## GIVEN DATA

▬▬▬▬▬▬▬▬▬▬

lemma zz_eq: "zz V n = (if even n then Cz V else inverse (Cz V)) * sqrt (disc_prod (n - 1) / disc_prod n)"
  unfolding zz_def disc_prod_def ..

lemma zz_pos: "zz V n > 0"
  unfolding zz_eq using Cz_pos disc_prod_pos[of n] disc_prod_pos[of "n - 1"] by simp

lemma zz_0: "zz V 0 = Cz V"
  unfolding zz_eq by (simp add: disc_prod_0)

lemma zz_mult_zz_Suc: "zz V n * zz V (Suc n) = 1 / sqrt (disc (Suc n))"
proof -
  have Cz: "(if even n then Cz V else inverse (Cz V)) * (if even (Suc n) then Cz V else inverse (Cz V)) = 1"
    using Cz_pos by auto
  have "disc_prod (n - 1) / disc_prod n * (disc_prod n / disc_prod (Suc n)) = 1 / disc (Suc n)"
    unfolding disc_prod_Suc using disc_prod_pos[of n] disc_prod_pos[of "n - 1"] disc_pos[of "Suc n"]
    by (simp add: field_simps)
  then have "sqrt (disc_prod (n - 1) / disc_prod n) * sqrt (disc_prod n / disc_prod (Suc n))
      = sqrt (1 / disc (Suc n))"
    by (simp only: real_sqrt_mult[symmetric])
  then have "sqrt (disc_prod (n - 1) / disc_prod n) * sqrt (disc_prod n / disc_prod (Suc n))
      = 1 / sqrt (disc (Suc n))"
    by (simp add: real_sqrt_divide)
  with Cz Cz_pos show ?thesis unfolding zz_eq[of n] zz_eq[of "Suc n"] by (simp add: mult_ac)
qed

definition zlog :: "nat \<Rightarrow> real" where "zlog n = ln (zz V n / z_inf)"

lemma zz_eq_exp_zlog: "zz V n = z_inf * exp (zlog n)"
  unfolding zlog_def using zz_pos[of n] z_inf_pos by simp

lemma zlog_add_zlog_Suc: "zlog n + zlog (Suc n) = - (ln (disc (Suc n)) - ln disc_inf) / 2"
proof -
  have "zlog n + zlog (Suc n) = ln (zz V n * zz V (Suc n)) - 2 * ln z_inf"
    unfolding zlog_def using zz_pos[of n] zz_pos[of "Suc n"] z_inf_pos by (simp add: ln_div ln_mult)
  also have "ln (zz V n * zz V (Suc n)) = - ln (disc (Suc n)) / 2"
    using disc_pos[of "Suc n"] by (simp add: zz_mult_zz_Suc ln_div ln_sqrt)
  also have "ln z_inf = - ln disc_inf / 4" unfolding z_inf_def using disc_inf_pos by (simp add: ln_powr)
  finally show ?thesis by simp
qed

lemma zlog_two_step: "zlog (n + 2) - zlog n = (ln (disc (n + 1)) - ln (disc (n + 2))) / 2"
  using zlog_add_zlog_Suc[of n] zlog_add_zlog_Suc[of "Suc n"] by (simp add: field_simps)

▬▬▬▬▬▬▬▬▬▬

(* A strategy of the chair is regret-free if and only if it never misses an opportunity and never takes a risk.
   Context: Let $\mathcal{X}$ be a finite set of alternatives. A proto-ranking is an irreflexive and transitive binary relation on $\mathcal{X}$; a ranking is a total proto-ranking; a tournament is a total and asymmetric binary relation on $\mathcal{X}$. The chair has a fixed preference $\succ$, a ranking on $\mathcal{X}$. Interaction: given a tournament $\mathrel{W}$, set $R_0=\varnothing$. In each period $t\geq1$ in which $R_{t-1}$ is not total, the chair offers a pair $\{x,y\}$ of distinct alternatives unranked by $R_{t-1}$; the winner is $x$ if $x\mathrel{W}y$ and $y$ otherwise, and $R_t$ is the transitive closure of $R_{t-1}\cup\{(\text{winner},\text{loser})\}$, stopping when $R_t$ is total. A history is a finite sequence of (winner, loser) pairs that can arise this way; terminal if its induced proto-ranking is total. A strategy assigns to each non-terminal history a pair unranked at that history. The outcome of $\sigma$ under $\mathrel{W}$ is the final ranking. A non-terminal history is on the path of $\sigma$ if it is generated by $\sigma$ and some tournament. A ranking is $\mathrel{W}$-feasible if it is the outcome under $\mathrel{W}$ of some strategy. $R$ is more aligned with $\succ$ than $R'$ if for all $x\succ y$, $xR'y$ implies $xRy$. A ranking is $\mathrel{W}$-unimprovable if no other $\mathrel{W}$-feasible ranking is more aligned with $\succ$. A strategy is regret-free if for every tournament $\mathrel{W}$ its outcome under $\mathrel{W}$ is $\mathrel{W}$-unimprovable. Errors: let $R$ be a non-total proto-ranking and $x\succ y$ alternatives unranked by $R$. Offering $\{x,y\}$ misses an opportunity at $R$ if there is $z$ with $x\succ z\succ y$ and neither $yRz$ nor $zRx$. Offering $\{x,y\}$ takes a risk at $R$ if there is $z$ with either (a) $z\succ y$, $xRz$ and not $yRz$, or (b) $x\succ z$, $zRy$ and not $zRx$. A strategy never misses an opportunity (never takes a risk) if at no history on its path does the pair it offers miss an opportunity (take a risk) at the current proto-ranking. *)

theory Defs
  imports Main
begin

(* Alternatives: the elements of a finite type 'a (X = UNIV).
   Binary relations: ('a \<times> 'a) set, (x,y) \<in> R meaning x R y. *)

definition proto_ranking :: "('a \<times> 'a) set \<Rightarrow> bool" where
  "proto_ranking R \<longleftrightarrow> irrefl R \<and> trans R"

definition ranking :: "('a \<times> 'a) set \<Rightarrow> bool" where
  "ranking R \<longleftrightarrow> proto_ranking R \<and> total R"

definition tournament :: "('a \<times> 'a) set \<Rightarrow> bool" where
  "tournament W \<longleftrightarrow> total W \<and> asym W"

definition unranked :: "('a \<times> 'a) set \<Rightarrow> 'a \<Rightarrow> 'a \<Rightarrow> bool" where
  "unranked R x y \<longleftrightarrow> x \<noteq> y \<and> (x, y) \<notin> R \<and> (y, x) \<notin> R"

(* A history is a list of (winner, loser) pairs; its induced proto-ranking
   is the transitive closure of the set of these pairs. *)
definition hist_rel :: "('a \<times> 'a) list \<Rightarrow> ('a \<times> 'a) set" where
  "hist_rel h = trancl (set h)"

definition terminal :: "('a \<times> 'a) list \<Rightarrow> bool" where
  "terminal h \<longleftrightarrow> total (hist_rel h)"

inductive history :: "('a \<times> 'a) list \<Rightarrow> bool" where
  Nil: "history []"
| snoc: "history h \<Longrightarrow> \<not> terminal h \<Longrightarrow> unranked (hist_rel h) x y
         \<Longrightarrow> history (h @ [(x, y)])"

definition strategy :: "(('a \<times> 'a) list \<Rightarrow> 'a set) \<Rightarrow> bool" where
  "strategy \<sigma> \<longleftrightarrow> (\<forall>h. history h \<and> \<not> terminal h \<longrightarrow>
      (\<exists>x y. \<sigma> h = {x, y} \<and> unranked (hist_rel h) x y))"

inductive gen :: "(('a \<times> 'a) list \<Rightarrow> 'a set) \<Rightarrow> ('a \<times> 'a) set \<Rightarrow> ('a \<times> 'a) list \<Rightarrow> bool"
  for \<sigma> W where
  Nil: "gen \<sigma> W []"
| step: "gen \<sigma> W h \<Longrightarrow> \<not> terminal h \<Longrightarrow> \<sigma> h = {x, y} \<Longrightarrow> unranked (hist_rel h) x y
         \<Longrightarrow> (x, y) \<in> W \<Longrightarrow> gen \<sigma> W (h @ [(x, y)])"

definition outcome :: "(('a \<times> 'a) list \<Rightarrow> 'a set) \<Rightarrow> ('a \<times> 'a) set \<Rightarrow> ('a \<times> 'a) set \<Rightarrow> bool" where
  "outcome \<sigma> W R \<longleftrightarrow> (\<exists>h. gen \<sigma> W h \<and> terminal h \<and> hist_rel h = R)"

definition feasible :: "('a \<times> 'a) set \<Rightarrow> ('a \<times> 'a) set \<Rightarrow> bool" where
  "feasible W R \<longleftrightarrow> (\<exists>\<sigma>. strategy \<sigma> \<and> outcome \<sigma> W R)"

▬▬▬▬▬▬▬▬▬▬

## REQUIRED ACTION
Check each line of the entries for the string "simp". Copy the lines that have it.

## OUTPUT OF THE EXERCISE
  unfolding zz_eq using Cz_pos disc_prod_pos[of n] disc_prod_pos[of "n - 1"] by simp
  unfolding zz_eq by (simp add: disc_prod_0)
    by (simp add: field_simps)
    by (simp only: real_sqrt_mult[symmetric])
    by (simp add: real_sqrt_divide)
  with Cz Cz_pos show ?thesis unfolding zz_eq[of n] zz_eq[of "Suc n"] by (simp add: mult_ac)
  unfolding zlog_def using zz_pos[of n] z_inf_pos by simp
    unfolding zlog_def using zz_pos[of n] zz_pos[of "Suc n"] z_inf_pos by (simp add: ln_div ln_mult)
    using disc_pos[of "Suc n"] by (simp add: zz_mult_zz_Suc ln_div ln_sqrt)
  also have "ln z_inf = - ln disc_inf / 4" unfolding z_inf_def using disc_inf_pos by (simp add: ln_powr)
  finally show ?thesis by simp
  using zlog_add_zlog_Suc[of n] zlog_add_zlog_Suc[of "Suc n"] by (simp add: field_simps)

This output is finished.